» **YOUR TASK**
Begin at the line containing "by (simp add: vec_eq_iff matrix_vector_mult_def" in the entries below and end at the line containing "1 else \<xi>"; transcribe that range exactly and nothing outside it.

Collected data:
lemma has_vector_derivative_nil_exp:
  assumes A3: "\<And>v. A *v (A *v (A *v v)) = 0"
  shows "((\<lambda>t. nil_exp A t \<xi>) has_vector_derivative A *v nil_exp A t \<xi>) (at t)"
proof -
  have "((\<lambda>t. nil_exp A t \<xi>) has_vector_derivative
      0 + 1 *\<^sub>R (A *v \<xi>) + t *\<^sub>R (A *v (A *v \<xi>))) (at t)"
    unfolding nil_exp_def
    by (intro derivative_eq_intros has_vector_derivative_scaleR) (auto intro!: derivative_eq_intros)
  moreover have "A *v nil_exp A t \<xi> = A *v \<xi> + t *\<^sub>R (A *v (A *v \<xi>))"
    using A3[of \<xi>] by (simp add: nil_exp_def algebra_simps)
  ultimately show ?thesis by simp
qed

text \<open>Uniqueness for w' = A w: the derivative of exp(-sA) w(s) vanishes.\<close>
lemma linear_ode_solution_eq_nil_exp:
  assumes A3: "\<And>v. A *v (A *v (A *v v)) = 0"
    and w: "\<And>s. (w has_vector_derivative A *v w s) (at s)"
  shows "w t = nil_exp A t (w 0)"
proof -
  have Aw: "((\<lambda>s. A *v w s) has_vector_derivative A *v (A *v w s)) (at s)" for s
    by (rule bounded_linear.has_vector_derivative[OF matrix_vector_mul_bounded_linear[of A] w])
  have AAw: "((\<lambda>s. A *v (A *v w s)) has_vector_derivative 0) (at s)" for s
    using bounded_linear.has_vector_derivative[OF matrix_vector_mul_bounded_linear[of A] Aw[of s]] A3
    by simp
  define g where "g s = nil_exp A (-s) (w s)" for s
  have "(g has_vector_derivative
      A *v w s + ((-s) *\<^sub>R (A *v (A *v w s)) + (-1) *\<^sub>R (A *v w s))
      + (((-s)^2/2) *\<^sub>R 0 + s *\<^sub>R (A *v (A *v w s)))) (at s)" for s
    unfolding g_def nil_exp_def
    by (intro has_vector_derivative_add w has_vector_derivative_scaleR Aw AAw)
      (auto intro!: derivative_eq_intros)
  then have "(g has_derivative (\<lambda>_. 0)) (at s within UNIV)" for s
    by (simp add: has_vector_derivative_def algebra_simps)
  then obtain c where "\<forall>s\<in>UNIV. g s = c"
    using has_derivative_zero_constant[OF convex_UNIV] by blast
  then have "nil_exp A (-t) (w t) = w 0" by (metis g_def nil_exp_0 minus_zero UNIV_I)
  then show ?thesis
    using nil_exp_neg_inverse[OF A3, of "-t" "w t"] by simp
qed

lemma ad_eq_0_iff_commutes_nil_exp:
  assumes A3: "\<And>v. A *v (A *v (A *v v)) = 0" and dh: "\<And>x. h differentiable (at x)"
  shows "ad A h = (\<lambda>_. 0) \<longleftrightarrow> (\<forall>t \<xi>. h (nil_exp A t \<xi>) = nil_exp A t (h \<xi>))"
proof -
  have orbit: "((\<lambda>t. h (nil_exp A t \<xi>)) has_vector_derivative
      frechet_derivative h (at (nil_exp A t \<xi>)) (A *v nil_exp A t \<xi>)) (at t)" for t \<xi>
    using vector_derivative_diff_chain_within[OF has_vector_derivative_nil_exp[OF A3]
        has_derivative_at_withinI[OF dh[unfolded frechet_derivative_works]]]
    by (simp add: o_def)
  show ?thesis
  proof
    assume commute: "\<forall>t \<xi>. h (nil_exp A t \<xi>) = nil_exp A t (h \<xi>)"
    show "ad A h = (\<lambda>_. 0)"
    proof
      fix \<xi>
      have "((\<lambda>t. h (nil_exp A t \<xi>)) has_vector_derivative A *v h \<xi>) (at 0)"
        using has_vector_derivative_nil_exp[OF A3, of "h \<xi>" 0] commute by simp
      then have "frechet_derivative h (at \<xi>) (A *v \<xi>) = A *v h \<xi>"
        using orbit[of \<xi> 0] vector_derivative_unique_at by fastforce
      then show "ad A h \<xi> = 0" by (simp add: ad_def)
    qed
  next
    assume ad0: "ad A h = (\<lambda>_. 0)"
    have "frechet_derivative h (at x) (A *v x) = A *v h x" for x
      using fun_cong[OF ad0, of x] by (simp add: ad_def)
    then have "((\<lambda>t. h (nil_exp A t \<xi>)) has_vector_derivative A *v h (nil_exp A s \<xi>)) (at s)"
      for s \<xi>
      using orbit[of \<xi> s] by simp
    then have "h (nil_exp A t \<xi>) = nil_exp A t (h (nil_exp A 0 \<xi>))" for t \<xi>
      by (rule linear_ode_solution_eq_nil_exp[OF A3])
    then show "\<forall>t \<xi>. h (nil_exp A t \<xi>) = nil_exp A t (h \<xi>)" by simp
  qed
qed

definition equivariant_fields :: "real^'n^'n \<Rightarrow> nat \<Rightarrow> (real^'n \<Rightarrow> real^'n) set" where
  "equivariant_fields A d = {h \<in> Fhom d. \<forall>t \<xi>. h (nil_exp A t \<xi>) = nil_exp A t (h \<xi>)}"

lemma ad_kernel_eq_equivariant_fields:
  assumes A3: "\<And>v. A *v (A *v (A *v v)) = 0"
  shows "ad_kernel A d = equivariant_fields A d"
  unfolding ad_kernel_def equivariant_fields_def
  using ad_eq_0_iff_commutes_nil_exp[OF A3] Fhom_differentiable by blast

lemma equivariant_fields_subspace: "FS.subspace (equivariant_fields A d)"
  using Fhom_subspace[of d]
  by (auto simp: FS.subspace_def equivariant_fields_def nil_exp_add nil_exp_scaleR fscale_apply)

lemma equivariant_field_eq_0:
  assumes h: "h \<in> equivariant_fields A d"
    and orbits: "\<And>\<xi>. \<xi> $ k \<noteq> 0 \<Longrightarrow> \<exists>t c y. \<xi> = nil_exp A t (c *\<^sub>R y) \<and> h y = 0"
  shows "h = 0"
proof (rule Fhom_eq_0_if_eq_0_off_hyperplane)
  show hF: "h \<in> Fhom d" using h by (simp add: equivariant_fields_def)
  fix \<xi> :: "real^'a" assume "\<xi> $ k \<noteq> 0"
  then obtain t c y where \<xi>: "\<xi> = nil_exp A t (c *\<^sub>R y)" and y: "h y = 0" using orbits by blast
  have "h \<xi> = nil_exp A t (h (c *\<^sub>R y))"
    using h unfolding \<xi> equivariant_fields_def by blast
  also have "\<dots> = 0" using Fhom_scaleR[OF hF] y by simp
  finally show "h \<xi> = 0" .
qed

section \<open>Dimension two\<close>

lemma transpose_N2_mult: "transpose N2 *v \<xi> = (\<chi> i. if i = 2 then \<xi> $ 1 else 0)"
  by (simp add: vec_eq_iff matrix_vector_mult_def transpose_def N2_def sum_2 forall_2)

lemma transpose_N2_cube: "transpose N2 *v (transpose N2 *v (transpose N2 *v v)) = 0"
  unfolding transpose_N2_mult by (simp add: vec_eq_iff forall_2)

lemma nil_exp_N2:
  "nil_exp (transpose N2) t \<xi> = (\<chi> i. if i = 1 then \<xi> $ 1 else \<xi> $ 2 + t * \<xi> $ 1)"
  unfolding nil_exp_def transpose_N2_mult by (simp add: vec_eq_iff forall_2)

definition N2_basis :: "nat \<Rightarrow> 2 \<Rightarrow> real^2 \<Rightarrow> real^2" where
  "N2_basis d i \<xi> = (if i = 1 then (\<chi> k. if k = 1 then \<xi>$1^d else \<xi>$1^(d-1) * \<xi>$2)
                     else (\<chi> k. if k = 1 then 0 else \<xi>$1^d))"

lemma N2_basis_equivariant:
  assumes d: "d \<ge> 1"
  shows "N2_basis d i \<in> equivariant_fields (transpose N2) d"
proof -
  obtain d' where d': "d = Suc d'" using d by (cases d) auto
  have "hom_poly d (\<lambda>x::real^2. x$1^d)"
    using hom_poly_power[OF hom_poly_component, of d 1] by simp
  moreover have "hom_poly d (\<lambda>x::real^2. x$1^d' * x$2)"
    using hom_poly_mult[OF hom_poly_power[OF hom_poly_component[of 1]] hom_poly_component[of 2], of d']
      d' by simp
  ultimately have "hom_poly d (\<lambda>x. N2_basis d i x $ k)" for k
    using hom_poly_zero[of d] by (cases "i = 1"; cases "k = 1") (simp_all add: N2_basis_def d')
  moreover have "N2_basis d i (nil_exp (transpose N2) t \<xi>) = nil_exp (transpose N2) t (N2_basis d i \<xi>)"
    for t \<xi>
    unfolding N2_basis_def nil_exp_N2 by (simp add: vec_eq_iff forall_2 d' algebra_simps)
  ultimately show ?thesis by (simp add: equivariant_fields_def Fhom_def)
qed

» **SOLVED PROBLEM**
  by (simp add: vec_eq_iff matrix_vector_mult_def transpose_def N2_def sum_2 forall_2)

lemma transpose_N2_cube: "transpose N2 *v (transpose N2 *v (transpose N2 *v v)) = 0"
  unfolding transpose_N2_mult by (simp add: vec_eq_iff forall_2)

lemma nil_exp_N2:
  "nil_exp (transpose N2) t \<xi> = (\<chi> i. if i = 1 then \<xi> $ 1 else \<xi> $ 2 + t * \<xi> $ 1)"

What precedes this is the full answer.